» **What to work on**: In the records below, begin at the line containing "(simp add: field_simps)" and end at the line containing "using assms(1)"; quote every line in that span exactly, including both boundary lines, and no others.

» **Data to process**:
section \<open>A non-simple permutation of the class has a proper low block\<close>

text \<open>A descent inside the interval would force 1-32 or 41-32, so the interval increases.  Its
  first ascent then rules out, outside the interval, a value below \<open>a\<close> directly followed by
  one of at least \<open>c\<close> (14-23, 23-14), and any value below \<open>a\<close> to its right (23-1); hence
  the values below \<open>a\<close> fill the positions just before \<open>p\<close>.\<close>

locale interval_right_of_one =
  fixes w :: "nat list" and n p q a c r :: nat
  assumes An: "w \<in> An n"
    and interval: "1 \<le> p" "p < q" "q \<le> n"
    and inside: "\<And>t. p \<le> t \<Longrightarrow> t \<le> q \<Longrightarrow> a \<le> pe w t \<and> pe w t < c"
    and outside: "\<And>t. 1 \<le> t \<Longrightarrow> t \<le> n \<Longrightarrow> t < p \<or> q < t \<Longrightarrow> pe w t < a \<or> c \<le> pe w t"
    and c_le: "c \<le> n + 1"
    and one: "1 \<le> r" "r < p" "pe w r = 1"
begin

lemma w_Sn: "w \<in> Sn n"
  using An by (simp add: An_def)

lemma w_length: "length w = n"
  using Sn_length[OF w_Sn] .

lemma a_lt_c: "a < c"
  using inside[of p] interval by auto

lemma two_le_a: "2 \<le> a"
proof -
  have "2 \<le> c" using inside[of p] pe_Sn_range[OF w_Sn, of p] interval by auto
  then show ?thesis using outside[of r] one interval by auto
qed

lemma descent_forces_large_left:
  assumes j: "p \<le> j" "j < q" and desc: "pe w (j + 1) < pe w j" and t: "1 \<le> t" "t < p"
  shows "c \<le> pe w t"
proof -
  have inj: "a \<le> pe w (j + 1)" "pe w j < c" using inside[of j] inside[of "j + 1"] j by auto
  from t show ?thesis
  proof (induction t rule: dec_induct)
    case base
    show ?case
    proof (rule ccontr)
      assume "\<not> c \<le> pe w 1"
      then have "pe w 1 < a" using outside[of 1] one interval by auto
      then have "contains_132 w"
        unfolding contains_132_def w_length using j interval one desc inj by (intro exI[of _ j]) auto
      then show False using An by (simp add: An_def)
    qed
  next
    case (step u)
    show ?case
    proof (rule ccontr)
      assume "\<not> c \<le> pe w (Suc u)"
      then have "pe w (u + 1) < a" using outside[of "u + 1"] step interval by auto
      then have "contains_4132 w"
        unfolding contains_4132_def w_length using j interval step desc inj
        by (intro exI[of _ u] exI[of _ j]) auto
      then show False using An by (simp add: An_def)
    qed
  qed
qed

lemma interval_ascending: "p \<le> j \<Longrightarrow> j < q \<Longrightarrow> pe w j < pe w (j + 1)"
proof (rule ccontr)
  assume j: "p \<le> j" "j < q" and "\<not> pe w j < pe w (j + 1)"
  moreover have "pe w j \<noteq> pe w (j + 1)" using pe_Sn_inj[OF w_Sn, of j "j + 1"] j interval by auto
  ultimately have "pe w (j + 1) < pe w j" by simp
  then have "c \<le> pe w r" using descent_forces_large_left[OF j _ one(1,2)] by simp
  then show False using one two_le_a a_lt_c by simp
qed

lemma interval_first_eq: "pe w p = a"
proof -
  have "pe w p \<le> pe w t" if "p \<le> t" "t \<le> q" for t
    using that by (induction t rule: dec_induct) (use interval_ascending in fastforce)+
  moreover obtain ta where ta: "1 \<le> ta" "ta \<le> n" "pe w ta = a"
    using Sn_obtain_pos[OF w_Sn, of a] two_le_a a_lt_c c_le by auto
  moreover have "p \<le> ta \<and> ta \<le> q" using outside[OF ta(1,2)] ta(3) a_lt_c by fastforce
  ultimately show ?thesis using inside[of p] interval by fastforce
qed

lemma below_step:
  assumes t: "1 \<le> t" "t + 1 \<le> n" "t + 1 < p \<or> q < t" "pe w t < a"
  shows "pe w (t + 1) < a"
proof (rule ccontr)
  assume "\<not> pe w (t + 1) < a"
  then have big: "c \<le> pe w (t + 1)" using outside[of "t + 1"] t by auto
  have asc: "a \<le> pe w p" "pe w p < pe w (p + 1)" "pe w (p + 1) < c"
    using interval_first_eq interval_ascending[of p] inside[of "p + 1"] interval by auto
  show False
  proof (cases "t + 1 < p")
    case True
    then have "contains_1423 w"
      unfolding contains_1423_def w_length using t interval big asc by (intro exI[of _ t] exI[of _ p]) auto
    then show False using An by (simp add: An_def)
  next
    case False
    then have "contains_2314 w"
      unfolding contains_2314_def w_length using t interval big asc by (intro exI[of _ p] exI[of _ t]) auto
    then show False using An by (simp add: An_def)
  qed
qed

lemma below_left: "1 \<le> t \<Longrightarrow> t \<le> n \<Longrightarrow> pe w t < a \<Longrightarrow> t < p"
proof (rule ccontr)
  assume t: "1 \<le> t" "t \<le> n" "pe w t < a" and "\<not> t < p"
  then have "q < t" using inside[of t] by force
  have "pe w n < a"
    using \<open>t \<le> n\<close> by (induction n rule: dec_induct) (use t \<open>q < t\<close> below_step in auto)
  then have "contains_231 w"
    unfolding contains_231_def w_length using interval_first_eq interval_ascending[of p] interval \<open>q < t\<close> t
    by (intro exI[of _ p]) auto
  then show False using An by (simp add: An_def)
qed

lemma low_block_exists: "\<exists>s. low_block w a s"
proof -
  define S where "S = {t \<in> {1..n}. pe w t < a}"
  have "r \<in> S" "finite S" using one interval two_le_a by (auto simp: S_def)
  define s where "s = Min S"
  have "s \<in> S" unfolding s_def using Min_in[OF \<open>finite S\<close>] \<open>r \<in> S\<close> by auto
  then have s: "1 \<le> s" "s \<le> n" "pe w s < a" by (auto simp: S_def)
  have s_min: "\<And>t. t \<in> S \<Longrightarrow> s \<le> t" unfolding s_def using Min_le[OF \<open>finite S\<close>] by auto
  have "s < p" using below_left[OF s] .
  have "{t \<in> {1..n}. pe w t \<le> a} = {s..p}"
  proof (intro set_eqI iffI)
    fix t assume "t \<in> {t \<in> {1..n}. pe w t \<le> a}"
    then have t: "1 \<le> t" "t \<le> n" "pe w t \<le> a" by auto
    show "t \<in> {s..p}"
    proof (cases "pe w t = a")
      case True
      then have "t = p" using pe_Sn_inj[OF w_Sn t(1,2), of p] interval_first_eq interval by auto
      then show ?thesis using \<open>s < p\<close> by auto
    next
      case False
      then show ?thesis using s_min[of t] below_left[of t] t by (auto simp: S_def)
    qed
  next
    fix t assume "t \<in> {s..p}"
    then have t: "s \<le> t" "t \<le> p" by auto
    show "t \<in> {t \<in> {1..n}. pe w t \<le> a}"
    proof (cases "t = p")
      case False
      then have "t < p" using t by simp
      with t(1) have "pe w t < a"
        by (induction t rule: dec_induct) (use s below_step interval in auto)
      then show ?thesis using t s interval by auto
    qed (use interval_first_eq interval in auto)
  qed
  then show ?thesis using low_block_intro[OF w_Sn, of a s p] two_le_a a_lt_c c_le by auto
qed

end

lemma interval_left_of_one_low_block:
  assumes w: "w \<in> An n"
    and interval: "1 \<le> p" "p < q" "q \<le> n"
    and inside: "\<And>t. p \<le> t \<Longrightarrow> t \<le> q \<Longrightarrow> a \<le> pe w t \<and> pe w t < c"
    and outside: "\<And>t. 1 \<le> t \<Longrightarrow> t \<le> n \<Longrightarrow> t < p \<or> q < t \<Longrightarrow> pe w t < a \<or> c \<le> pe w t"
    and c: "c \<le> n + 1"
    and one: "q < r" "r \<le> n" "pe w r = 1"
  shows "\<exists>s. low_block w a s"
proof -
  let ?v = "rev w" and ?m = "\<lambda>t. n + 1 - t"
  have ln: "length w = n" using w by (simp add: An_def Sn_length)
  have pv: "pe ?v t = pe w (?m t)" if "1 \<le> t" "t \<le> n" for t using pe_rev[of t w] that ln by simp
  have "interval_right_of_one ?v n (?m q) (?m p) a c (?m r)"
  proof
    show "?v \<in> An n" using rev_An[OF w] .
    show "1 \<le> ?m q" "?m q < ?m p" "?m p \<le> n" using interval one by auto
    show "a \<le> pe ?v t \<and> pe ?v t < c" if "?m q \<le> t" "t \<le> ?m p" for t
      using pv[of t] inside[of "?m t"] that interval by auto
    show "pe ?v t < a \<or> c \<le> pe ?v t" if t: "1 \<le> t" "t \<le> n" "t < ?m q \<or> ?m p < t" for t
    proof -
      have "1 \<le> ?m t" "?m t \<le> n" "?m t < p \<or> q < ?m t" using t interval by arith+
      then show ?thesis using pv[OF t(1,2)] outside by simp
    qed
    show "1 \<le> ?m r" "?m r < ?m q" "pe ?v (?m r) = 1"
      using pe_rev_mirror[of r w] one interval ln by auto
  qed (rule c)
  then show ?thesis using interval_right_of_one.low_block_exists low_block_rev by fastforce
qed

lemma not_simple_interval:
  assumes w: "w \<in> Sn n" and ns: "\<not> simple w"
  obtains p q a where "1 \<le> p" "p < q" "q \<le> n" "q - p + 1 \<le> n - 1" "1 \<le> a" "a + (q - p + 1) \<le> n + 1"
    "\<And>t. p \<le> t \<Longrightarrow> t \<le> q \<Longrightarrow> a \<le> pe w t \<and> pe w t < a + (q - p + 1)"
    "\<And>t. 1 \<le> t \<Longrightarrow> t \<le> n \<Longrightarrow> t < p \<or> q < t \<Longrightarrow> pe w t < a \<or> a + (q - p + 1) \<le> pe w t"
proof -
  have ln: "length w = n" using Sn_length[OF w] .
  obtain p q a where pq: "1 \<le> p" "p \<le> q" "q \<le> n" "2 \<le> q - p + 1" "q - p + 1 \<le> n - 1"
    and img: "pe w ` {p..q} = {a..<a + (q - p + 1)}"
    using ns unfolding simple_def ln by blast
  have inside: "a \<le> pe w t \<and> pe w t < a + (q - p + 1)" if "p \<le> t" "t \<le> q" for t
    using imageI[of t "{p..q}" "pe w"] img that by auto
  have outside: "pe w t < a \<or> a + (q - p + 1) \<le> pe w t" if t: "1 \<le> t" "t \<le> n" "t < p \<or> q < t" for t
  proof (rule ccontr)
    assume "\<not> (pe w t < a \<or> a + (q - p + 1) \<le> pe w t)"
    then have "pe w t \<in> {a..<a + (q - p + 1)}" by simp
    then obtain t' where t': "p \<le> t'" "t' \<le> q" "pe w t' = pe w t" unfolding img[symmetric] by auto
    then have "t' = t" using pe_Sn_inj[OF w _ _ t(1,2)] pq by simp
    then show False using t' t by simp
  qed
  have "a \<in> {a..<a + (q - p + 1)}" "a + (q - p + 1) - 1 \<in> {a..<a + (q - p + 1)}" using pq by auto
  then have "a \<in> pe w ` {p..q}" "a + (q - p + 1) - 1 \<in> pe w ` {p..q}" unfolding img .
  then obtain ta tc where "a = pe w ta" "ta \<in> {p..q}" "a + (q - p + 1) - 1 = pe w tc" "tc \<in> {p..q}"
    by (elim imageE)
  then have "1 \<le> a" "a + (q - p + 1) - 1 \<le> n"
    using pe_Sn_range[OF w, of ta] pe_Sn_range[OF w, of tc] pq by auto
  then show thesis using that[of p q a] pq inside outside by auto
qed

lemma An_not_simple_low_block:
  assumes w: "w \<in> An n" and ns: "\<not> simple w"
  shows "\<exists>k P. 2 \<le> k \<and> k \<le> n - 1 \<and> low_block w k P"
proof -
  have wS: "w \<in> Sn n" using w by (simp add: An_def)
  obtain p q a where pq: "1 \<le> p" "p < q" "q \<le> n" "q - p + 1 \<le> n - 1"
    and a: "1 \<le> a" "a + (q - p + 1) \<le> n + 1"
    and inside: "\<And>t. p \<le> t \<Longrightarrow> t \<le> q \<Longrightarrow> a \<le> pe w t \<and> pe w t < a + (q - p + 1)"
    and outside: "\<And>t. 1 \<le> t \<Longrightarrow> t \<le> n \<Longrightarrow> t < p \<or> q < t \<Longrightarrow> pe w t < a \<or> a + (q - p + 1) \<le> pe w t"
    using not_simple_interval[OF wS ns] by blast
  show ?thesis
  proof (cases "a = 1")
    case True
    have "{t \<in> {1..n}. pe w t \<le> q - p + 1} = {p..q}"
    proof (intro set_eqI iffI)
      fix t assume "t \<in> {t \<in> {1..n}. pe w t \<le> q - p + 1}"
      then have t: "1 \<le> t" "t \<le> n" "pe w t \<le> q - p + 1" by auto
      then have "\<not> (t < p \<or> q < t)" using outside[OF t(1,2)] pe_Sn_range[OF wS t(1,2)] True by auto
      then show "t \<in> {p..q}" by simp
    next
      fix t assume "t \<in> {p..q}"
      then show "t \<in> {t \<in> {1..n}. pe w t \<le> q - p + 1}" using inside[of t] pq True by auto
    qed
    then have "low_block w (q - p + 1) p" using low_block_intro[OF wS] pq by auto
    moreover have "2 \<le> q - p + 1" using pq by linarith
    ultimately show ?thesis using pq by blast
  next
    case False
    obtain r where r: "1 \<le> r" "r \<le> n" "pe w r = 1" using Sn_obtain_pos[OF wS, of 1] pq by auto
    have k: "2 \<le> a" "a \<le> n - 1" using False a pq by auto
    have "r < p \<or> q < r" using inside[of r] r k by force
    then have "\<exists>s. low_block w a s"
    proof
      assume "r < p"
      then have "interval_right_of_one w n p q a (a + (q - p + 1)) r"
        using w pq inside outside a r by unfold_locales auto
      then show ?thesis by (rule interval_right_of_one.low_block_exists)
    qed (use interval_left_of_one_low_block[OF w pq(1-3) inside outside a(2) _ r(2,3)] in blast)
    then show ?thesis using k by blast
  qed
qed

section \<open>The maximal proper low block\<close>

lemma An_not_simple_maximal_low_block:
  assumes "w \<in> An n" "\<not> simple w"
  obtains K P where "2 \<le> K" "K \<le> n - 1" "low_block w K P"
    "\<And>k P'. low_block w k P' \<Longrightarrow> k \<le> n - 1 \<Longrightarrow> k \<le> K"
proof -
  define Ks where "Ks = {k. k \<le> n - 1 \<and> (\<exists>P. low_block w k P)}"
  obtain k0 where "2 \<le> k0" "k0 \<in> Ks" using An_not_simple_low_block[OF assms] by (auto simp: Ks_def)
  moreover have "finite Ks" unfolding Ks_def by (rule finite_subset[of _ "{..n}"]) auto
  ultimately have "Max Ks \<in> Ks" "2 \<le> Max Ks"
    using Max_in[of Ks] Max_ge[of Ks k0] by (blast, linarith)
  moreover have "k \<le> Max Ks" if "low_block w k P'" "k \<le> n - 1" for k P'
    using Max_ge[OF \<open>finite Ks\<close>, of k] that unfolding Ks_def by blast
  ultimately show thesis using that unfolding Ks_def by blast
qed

...

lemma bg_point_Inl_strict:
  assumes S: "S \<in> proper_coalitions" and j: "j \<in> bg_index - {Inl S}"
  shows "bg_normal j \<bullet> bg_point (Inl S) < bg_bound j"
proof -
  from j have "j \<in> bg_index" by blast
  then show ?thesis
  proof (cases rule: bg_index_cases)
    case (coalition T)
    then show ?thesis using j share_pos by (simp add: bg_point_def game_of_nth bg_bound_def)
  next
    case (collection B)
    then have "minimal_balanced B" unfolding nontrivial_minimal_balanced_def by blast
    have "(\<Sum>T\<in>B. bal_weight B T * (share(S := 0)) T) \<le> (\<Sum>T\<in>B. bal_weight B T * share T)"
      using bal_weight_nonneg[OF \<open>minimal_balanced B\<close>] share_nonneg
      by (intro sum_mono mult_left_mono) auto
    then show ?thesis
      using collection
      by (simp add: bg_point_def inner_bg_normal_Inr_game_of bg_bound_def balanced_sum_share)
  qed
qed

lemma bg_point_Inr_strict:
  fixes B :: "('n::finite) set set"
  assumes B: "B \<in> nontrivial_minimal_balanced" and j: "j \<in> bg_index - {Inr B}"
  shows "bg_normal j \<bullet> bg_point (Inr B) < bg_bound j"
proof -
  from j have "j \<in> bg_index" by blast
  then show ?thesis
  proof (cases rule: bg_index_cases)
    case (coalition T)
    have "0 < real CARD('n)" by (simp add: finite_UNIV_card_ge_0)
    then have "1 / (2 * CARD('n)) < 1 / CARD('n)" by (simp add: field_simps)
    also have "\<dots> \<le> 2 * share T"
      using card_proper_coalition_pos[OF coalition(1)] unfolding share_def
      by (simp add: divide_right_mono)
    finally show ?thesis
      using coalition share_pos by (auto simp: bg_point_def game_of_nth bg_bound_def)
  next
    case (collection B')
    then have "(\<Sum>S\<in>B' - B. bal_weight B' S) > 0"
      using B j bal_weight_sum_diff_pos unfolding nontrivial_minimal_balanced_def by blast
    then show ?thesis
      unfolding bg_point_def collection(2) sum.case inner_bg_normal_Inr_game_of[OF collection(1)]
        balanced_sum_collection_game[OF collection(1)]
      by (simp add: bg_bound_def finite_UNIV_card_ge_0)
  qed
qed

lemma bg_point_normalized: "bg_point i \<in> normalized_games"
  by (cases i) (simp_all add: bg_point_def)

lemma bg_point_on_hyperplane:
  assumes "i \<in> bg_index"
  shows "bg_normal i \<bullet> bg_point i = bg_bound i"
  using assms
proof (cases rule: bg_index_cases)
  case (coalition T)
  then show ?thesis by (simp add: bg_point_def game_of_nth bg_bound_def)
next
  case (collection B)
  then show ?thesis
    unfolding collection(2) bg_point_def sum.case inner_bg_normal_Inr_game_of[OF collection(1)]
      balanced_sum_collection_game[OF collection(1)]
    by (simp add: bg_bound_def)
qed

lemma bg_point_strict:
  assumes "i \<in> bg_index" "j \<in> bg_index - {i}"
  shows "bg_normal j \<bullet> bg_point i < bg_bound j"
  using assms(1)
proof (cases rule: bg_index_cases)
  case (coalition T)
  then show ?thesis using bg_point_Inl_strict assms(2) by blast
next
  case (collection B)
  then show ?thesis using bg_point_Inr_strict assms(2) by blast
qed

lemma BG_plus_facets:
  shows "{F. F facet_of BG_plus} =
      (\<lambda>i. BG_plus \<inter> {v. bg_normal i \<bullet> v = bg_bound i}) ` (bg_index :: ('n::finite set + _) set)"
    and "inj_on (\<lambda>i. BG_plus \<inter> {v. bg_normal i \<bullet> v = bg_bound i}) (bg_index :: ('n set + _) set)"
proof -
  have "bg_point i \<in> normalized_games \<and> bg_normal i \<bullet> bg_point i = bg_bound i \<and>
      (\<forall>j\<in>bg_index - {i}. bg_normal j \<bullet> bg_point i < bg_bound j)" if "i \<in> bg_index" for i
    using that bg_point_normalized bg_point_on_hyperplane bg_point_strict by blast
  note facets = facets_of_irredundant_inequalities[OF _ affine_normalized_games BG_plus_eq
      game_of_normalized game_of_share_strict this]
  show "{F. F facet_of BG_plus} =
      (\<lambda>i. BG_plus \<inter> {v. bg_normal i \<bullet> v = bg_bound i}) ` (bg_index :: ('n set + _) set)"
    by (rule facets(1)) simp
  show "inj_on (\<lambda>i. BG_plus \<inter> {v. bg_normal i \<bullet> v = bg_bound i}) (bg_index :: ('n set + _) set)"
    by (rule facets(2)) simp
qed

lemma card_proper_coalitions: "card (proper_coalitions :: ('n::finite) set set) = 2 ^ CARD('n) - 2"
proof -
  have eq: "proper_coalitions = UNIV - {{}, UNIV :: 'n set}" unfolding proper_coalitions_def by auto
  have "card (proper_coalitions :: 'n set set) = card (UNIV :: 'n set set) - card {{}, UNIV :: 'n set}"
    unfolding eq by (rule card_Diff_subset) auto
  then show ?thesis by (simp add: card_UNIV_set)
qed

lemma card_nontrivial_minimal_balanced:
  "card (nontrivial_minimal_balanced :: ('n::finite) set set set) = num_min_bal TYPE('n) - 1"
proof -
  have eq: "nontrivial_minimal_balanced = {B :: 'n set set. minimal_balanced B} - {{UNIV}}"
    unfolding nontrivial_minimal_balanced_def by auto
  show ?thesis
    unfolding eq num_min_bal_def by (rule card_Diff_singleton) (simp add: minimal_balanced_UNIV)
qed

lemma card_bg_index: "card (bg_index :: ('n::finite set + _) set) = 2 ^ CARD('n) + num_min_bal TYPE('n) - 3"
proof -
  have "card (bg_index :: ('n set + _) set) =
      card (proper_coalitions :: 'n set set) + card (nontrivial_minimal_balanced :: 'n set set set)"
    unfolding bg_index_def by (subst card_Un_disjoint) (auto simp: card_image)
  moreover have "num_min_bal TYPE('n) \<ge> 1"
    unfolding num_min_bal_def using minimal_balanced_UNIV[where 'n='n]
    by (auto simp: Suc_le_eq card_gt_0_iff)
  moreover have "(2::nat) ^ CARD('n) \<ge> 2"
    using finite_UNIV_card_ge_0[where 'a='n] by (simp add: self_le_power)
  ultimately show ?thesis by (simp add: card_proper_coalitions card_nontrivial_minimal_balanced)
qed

---

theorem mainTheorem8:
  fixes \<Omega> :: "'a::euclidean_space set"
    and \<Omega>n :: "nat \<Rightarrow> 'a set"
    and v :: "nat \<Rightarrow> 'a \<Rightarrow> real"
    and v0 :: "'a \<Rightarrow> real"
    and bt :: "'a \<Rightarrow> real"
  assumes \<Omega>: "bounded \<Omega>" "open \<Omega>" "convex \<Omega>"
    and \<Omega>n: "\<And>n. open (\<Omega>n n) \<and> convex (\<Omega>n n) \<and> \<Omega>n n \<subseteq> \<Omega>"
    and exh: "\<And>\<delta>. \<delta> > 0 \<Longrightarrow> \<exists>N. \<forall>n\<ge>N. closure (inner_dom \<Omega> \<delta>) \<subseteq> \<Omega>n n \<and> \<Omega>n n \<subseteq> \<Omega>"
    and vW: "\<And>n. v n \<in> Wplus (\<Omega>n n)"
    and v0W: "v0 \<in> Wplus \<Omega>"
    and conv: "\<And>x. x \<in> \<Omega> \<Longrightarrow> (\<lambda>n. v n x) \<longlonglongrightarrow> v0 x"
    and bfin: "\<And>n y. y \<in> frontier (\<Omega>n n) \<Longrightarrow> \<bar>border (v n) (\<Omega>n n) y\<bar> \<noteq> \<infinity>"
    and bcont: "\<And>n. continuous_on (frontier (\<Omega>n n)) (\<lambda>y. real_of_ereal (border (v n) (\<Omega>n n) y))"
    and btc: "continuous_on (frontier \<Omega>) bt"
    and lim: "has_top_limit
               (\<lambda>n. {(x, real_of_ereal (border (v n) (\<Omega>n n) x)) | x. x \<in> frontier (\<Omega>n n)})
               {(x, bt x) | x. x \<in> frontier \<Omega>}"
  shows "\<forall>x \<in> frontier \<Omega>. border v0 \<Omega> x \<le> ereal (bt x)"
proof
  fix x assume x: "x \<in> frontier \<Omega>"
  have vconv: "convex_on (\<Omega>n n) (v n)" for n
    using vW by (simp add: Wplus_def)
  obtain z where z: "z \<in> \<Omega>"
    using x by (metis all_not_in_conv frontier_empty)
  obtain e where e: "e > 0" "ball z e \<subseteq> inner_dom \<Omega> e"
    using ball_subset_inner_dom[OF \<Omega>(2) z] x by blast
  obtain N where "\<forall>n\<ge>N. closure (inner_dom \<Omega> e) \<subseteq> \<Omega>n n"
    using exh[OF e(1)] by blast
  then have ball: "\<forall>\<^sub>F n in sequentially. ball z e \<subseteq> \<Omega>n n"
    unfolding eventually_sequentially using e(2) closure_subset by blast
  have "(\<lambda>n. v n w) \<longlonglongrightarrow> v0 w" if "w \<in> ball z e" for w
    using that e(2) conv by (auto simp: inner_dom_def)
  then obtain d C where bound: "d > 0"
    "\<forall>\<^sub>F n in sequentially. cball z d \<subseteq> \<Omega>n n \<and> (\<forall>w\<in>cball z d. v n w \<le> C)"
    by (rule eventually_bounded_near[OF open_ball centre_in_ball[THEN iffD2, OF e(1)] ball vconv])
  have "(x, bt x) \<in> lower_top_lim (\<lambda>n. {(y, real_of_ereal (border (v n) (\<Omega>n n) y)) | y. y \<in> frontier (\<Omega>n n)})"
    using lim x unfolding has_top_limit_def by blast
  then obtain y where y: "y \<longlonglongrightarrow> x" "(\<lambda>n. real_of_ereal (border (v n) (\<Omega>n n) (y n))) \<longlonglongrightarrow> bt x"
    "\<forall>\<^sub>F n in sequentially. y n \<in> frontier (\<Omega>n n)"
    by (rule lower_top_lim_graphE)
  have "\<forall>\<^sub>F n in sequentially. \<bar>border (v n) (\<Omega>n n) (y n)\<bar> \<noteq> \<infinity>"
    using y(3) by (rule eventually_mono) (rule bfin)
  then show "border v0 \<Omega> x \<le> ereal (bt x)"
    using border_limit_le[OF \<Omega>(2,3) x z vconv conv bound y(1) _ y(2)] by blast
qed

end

» **Your solution**:
    then have "1 / (2 * CARD('n)) < 1 / CARD('n)" by (simp add: field_simps)
    also have "\<dots> \<le> 2 * share T"
      using card_proper_coalition_pos[OF coalition(1)] unfolding share_def
      by (simp add: divide_right_mono)
    finally show ?thesis
      using coalition share_pos by (auto simp: bg_point_def game_of_nth bg_bound_def)
  next
    case (collection B')
    then have "(\<Sum>S\<in>B' - B. bal_weight B' S) > 0"
      using B j bal_weight_sum_diff_pos unfolding nontrivial_minimal_balanced_def by blast
    then show ?thesis
      unfolding bg_point_def collection(2) sum.case inner_bg_normal_Inr_game_of[OF collection(1)]
        balanced_sum_collection_game[OF collection(1)]
      by (simp add: bg_bound_def finite_UNIV_card_ge_0)
  qed
qed

lemma bg_point_normalized: "bg_point i \<in> normalized_games"
  by (cases i) (simp_all add: bg_point_def)

lemma bg_point_on_hyperplane:
  assumes "i \<in> bg_index"
  shows "bg_normal i \<bullet> bg_point i = bg_bound i"
  using assms
proof (cases rule: bg_index_cases)
  case (coalition T)
  then show ?thesis by (simp add: bg_point_def game_of_nth bg_bound_def)
next
  case (collection B)
  then show ?thesis
    unfolding collection(2) bg_point_def sum.case inner_bg_normal_Inr_game_of[OF collection(1)]
      balanced_sum_collection_game[OF collection(1)]
    by (simp add: bg_bound_def)
qed

lemma bg_point_strict:
  assumes "i \<in> bg_index" "j \<in> bg_index - {i}"
  shows "bg_normal j \<bullet> bg_point i < bg_bound j"
  using assms(1)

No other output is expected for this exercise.